GPT-2: 1.5B release - NFHN Reader

1. Humans find GPT‑2 outputs convincing. Our partners at Cornell University surveyed people to assign GPT‑2 text a credibility score across model sizes. People gave the 1.5B model a “credibility score” of 6.91 out of 10. This is marginally greater than outputs from the 774M model (6.72) and significantly above the medium 355M model (6.07). These results make us more inclined to release the 1.5B model, as the incremental increase in human-perceived credibility relative to 774M seems low.

2. GPT‑2 can be fine-tuned for misuse. Our partners at the Middlebury Institute of International Studies’ Center on Terrorism, Extremism, and Counterterrorism (CTEC) found that extremist groups can use GPT‑2 for misuse, specifically by fine-tuning GPT‑2 models on four ideological positions: white supremacy, Marxism, jihadist Islamism, and anarchism. CTEC demonstrated that it’s possible to create models that can generate synthetic propaganda for these ideologies. They also show that, despite having low detection accuracy on synthetic outputs, ML-based detection methods can give experts reasonable suspicion that an actor is generating synthetic text.

3. Detection is challenging. We expect that content-based detection of synthetic text is a long-term challenge. To test whether machine learning approaches may help today, we conducted in-house detection research and developed a detection model⁠(opens in a new window) that has detection rates of ~95% for detecting 1.5B GPT‑2‑generated text.^A We believe this is not high enough accuracy for standalone detection and needs to be paired with metadata-based approaches, human judgment, and public education to be more effective. We are releasing this model to aid the study of research into the detection of synthetic text, although this does let adversaries with access better evade detection.

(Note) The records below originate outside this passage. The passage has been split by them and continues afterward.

(* For the class $\mathcal P_m$ of envy-free item-pricing auctions with prices in $\{1/m,\dots,m/m\}^k$, the matrix $\Gamma^{\mathrm{IP}}$ is $(2,1)$-admissible and implementable with complexity $m$ (with respect to learner actions $\mathcal P_m$, adversary actions = profiles of combinatorial valuations, and payoff $f(\vec a,\vec v)=\mathrm{Rev}(\vec a,\vec v)$).
   Context: There are $k$ heterogeneous items with supplies $s_\ell\ge1$ (possibly infinite), and $n$ bidders with combinatorial valuations $v_i:\{0,1\}^k\to[0,1]$, $v_i(\vec 0)=0$. An envy-free item-pricing auction with price vector $\vec a$ considers bidders $i=1,\dots,n$ in order and gives bidder $i$ a bundle $\vec q_i\in\{0,1\}^k$ maximizing $v_i(\vec q_i)-\vec a\cdot\vec q_i$ among bundles composable from remaining supplies (ties in utility broken in favor of a bundle with larger total price), charging $\vec a\cdot\vec q_i$; $\mathrm{Rev}(\vec a,\vec v)$ is the total charge. $\mathcal P_m$: such auctions with all $a_\ell\in\{1/m,\dots,m/m\}$. $\Gamma^{\mathrm{IP}}$: the $|\mathcal P_m|\times k\lceil\log_2m\rceil$ binary matrix whose entry in row $\vec a$ and column $(\ell-1)\lceil\log_2 m\rceil+\beta$ is the $\beta$-th bit of the integer $ma_\ell$. A matrix $\Gamma$ (rows indexed by learner actions) is $(\kappa,\delta)$-admissible if its rows are distinct, each column has at most $\kappa$ distinct values and distinct values in a column differ by at least $\delta$; it is implementable with complexity $M$ if for each column $j$ there is a finite set $S_j$ of pairs $(w,y)$ ($w\ge0$, $y$ an adversary action), $|S_j|\le M$, with $\Gamma_{xj}-\Gamma_{x'j}=\sum_{(w,y)\in S_j}w(f(x,y)-f(x',y))$ for all learner actions $x,x'$. *)

theory Defs
  imports Complex_Main "HOL-Library.Extended_Nat"
begin

(* Items are 0..k-1, bidders 0..n-1. A bundle q in {0,1}^k is represented by
   the set of items it contains, a subset of {..<k}. *)

definition prices :: "nat \<Rightarrow> nat \<Rightarrow> (nat \<Rightarrow> real) set" where
  "prices k m = {a. (\<forall>l<k. \<exists>t\<in>{1..m}. a l = real t / real m) \<and> (\<forall>l. k \<le> l \<longrightarrow> a l = 0)}"

definition profiles :: "nat \<Rightarrow> nat \<Rightarrow> (nat \<Rightarrow> nat set \<Rightarrow> real) set" where
  "profiles n k = {v. (\<forall>i<n. v i {} = 0 \<and> (\<forall>q. q \<subseteq> {..<k} \<longrightarrow> 0 \<le> v i q \<and> v i q \<le> 1))
      \<and> (\<forall>i q. (n \<le> i \<or> \<not> q \<subseteq> {..<k}) \<longrightarrow> v i q = 0)}"

definition bprice :: "(nat \<Rightarrow> real) \<Rightarrow> nat set \<Rightarrow> real" where
  "bprice a q = (\<Sum>l\<in>q. a l)"

definition feasible :: "nat \<Rightarrow> (nat \<Rightarrow> enat) \<Rightarrow> nat set set" where
  "feasible k r = {q. q \<subseteq> {..<k} \<and> (\<forall>l\<in>q. 1 \<le> r l)}"

definition util_opt :: "nat \<Rightarrow> (nat \<Rightarrow> real) \<Rightarrow> (nat set \<Rightarrow> real) \<Rightarrow> (nat \<Rightarrow> enat) \<Rightarrow> nat set set" where
  "util_opt k a vi r = {q \<in> feasible k r. \<forall>q'\<in>feasible k r. vi q' - bprice a q' \<le> vi q - bprice a q}"

definition best_bundles :: "nat \<Rightarrow> (nat \<Rightarrow> real) \<Rightarrow> (nat set \<Rightarrow> real) \<Rightarrow> (nat \<Rightarrow> enat) \<Rightarrow> nat set set" where
  "best_bundles k a vi r = {q \<in> util_opt k a vi r. \<forall>q'\<in>util_opt k a vi r. bprice a q' \<le> bprice a q}"

(* state (remaining supplies, revenue so far) after bidders 0..i-1 have been served;
   sel picks one bundle among the remaining ties *)
fun auc_state :: "(nat set set \<Rightarrow> nat set) \<Rightarrow> nat \<Rightarrow> (nat \<Rightarrow> enat) \<Rightarrow> (nat \<Rightarrow> real)
     \<Rightarrow> (nat \<Rightarrow> nat set \<Rightarrow> real) \<Rightarrow> nat \<Rightarrow> (nat \<Rightarrow> enat) \<times> real" where
  "auc_state sel k s a v 0 = (s, 0)"
| "auc_state sel k s a v (Suc i) =
     (let (r, rv) = auc_state sel k s a v i;
          q = sel (best_bundles k a (v i) r)
      in (\<lambda>l. if l \<in> q then r l - 1 else r l, rv + bprice a q))"

definition Rev :: "(nat set set \<Rightarrow> nat set) \<Rightarrow> nat \<Rightarrow> (nat \<Rightarrow> enat) \<Rightarrow> nat
     \<Rightarrow> (nat \<Rightarrow> real) \<Rightarrow> (nat \<Rightarrow> nat set \<Rightarrow> real) \<Rightarrow> real" where
  "Rev sel k s n a v = snd (auc_state sel k s a v n)"

definition bitlen :: "nat \<Rightarrow> nat" where
  "bitlen m = nat \<lceil>log 2 (real m)\<rceil>"

(* Gamma^IP with 0-based column index j = l * bitlen m + b (l < k, b < bitlen m);
   entry = b-th bit (0-based, least significant first) of the integer m * a_l *)
definition Gamma_IP :: "nat \<Rightarrow> (nat \<Rightarrow> real) \<Rightarrow> nat \<Rightarrow> real" where
  "Gamma_IP m a j = (let L = bitlen m; l = j div L; b = j mod L
                     in real ((nat \<lfloor>real m * a l\<rfloor> div 2 ^ b) mod 2))"

definition admissible :: "'x set \<Rightarrow> nat \<Rightarrow> ('x \<Rightarrow> nat \<Rightarrow> real) \<Rightarrow> nat \<Rightarrow> real \<Rightarrow> bool" where
  "admissible X ncols G \<kappa> \<delta> \<longleftrightarrow>
     (\<forall>x\<in>X. \<forall>x'\<in>X. x \<noteq> x' \<longrightarrow> (\<exists>j<ncols. G x j \<noteq> G x' j)) \<and>
     (\<forall>j<ncols. finite ((\<lambda>x. G x j) ` X) \<and> card ((\<lambda>x. G x j) ` X) \<le> \<kappa>) \<and>
     (\<forall>j<ncols. \<forall>x\<in>X. \<forall>x'\<in>X. G x j \<noteq> G x' j \<longrightarrow> \<delta> \<le> \<bar>G x j - G x' j\<bar>)"

definition implementable :: "'x set \<Rightarrow> 'y set \<Rightarrow> ('x \<Rightarrow> 'y \<Rightarrow> real) \<Rightarrow> nat
     \<Rightarrow> ('x \<Rightarrow> nat \<Rightarrow> real) \<Rightarrow> nat \<Rightarrow> bool" where
  "implementable X Y f ncols G M \<longleftrightarrow>
     (\<forall>j<ncols. \<exists>S :: (real \<times> 'y) set. finite S \<and> card S \<le> M \<and>
        (\<forall>(w, y)\<in>S. 0 \<le> w \<and> y \<in> Y) \<and>
        (\<forall>x\<in>X. \<forall>x'\<in>X. G x j - G x' j = (\<Sum>(w, y)\<in>S. w * (f x y - f x' y))))"

end

theory Submission
  imports Defs
begin

text \<open>Each column of \<open>\<Gamma>\<^sup>IP\<close> is a bit of the price level \<open>u = m a\<^sub>l\<close> of a single item \<open>l\<close>.
  Admissibility holds because distinct levels in \<open>{1..m}\<close> differ in one of their lowest
  \<open>\<lceil>log\<^sub>2 m\<rceil>\<close> bits. For implementability, consider the profile in which only the first bidder
  is interested, wanting item \<open>l\<close> at value \<open>t/m\<close>: its revenue is \<open>u/m\<close> if \<open>u \<le> t\<close> and \<open>0\<close>
  otherwise. Any column \<open>g(u)\<close> with values in \<open>[0,1]\<close> is, up to the constant \<open>m\<close>, a nonnegative
  combination of these \<open>m\<close> threshold revenues, with telescoping weights.\<close>

lemma prices_level:
  assumes "a \<in> prices k m" "l < k" "1 \<le> m"
  shows "\<exists>u. 1 \<le> u \<and> u \<le> m \<and> a l = real u / real m \<and> nat \<lfloor>real m * a l\<rfloor> = u"
proof -
  obtain u where u: "u \<in> {1..m}" "a l = real u / real m"
    using assms unfolding prices_def by blast
  then have "real m * a l = real u" using assms by simp
  then show ?thesis using u by auto
qed

lemma prices_pos:
  assumes "a \<in> prices k m" "l < k" "1 \<le> m"
  shows "0 < a l"
proof -
  obtain u where "1 \<le> u" "a l = real u / real m" using prices_level[OF assms] by blast
  then show ?thesis using assms(3) by simp
qed

lemma prices_outside: "a \<in> prices k m \<Longrightarrow> k \<le> l \<Longrightarrow> a l = 0"
  unfolding prices_def by blast

lemma bprice_nonneg:
  "a \<in> prices k m \<Longrightarrow> 1 \<le> m \<Longrightarrow> q \<subseteq> {..<k} \<Longrightarrow> 0 \<le> bprice a q"
  unfolding bprice_def by (rule sum_nonneg) (use prices_pos in fastforce)

lemma bprice_remove:
  "q \<subseteq> {..<k} \<Longrightarrow> l \<in> q \<Longrightarrow> bprice a q = a l + bprice a (q - {l})"
  unfolding bprice_def by (meson finite_nat_iff_bounded sum.remove subset_iff)

lemma bprice_pos:
  assumes "a \<in> prices k m" "1 \<le> m" "q \<subseteq> {..<k}" "q \<noteq> {}"
  shows "0 < bprice a q"
proof -
  obtain l where l: "l \<in> q" using assms(4) by blast
  have "0 < a l" using prices_pos[OF assms(1) _ assms(2)] l assms(3) by blast
  moreover have "0 \<le> bprice a (q - {l})" using bprice_nonneg[OF assms(1,2)] assms(3) by blast
  ultimately show ?thesis using bprice_remove[OF assms(3) l] by simp
qed

lemma bprice_gt_item:
  assumes "a \<in> prices k m" "1 \<le> m" "q \<subseteq> {..<k}" "l \<in> q" "q \<noteq> {l}"
  shows "a l < bprice a q"
  using bprice_remove[OF assms(3,4)] bprice_pos[OF assms(1,2), of "q - {l}"] assms(3-5) by auto

lemma best_bundles_eq_singleton:
  assumes "q0 \<in> feasible k r"
    and "\<And>q. q \<in> feasible k r \<Longrightarrow> q \<noteq> q0 \<Longrightarrow>
           vi q - bprice a q < vi q0 - bprice a q0 \<or>
           (vi q - bprice a q = vi q0 - bprice a q0 \<and> bprice a q < bprice a q0)"
  shows "best_bundles k a vi r = {q0}"
proof -
  have opt0: "q0 \<in> util_opt k a vi r"
    using assms unfolding util_opt_def by force
  have "q = q0 \<or> bprice a q < bprice a q0" if "q \<in> util_opt k a vi r" for q
    using that assms opt0 unfolding util_opt_def by force
  then show ?thesis
    using opt0 unfolding best_bundles_def by force
qed

lemma best_bundles_zero:
  assumes "a \<in> prices k m" "1 \<le> m"
  shows "best_bundles k a (\<lambda>q. 0) r = {{}}"
proof (rule best_bundles_eq_singleton)
  show "{} \<in> feasible k r" unfolding feasible_def by simp
  fix q assume "q \<in> feasible k r" "q \<noteq> {}"
  then show "0 - bprice a q < 0 - bprice a {} \<or>
          (0 - bprice a q = 0 - bprice a {} \<and> bprice a q < bprice a {})"
    using bprice_pos[OF assms] unfolding feasible_def by (simp add: bprice_def)
qed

While we found detection accuracy depends heavily on the sampling methods used in training and testing, we also found detection to be more reliable when training across a range of sampling techniques. As seen in the figure below, we observed that larger models’ outputs are more difficult to classify, but training on larger models’ outputs makes detection results more accurate and robust. We expect this trend to continue and that detection will be more challenging with increased model size.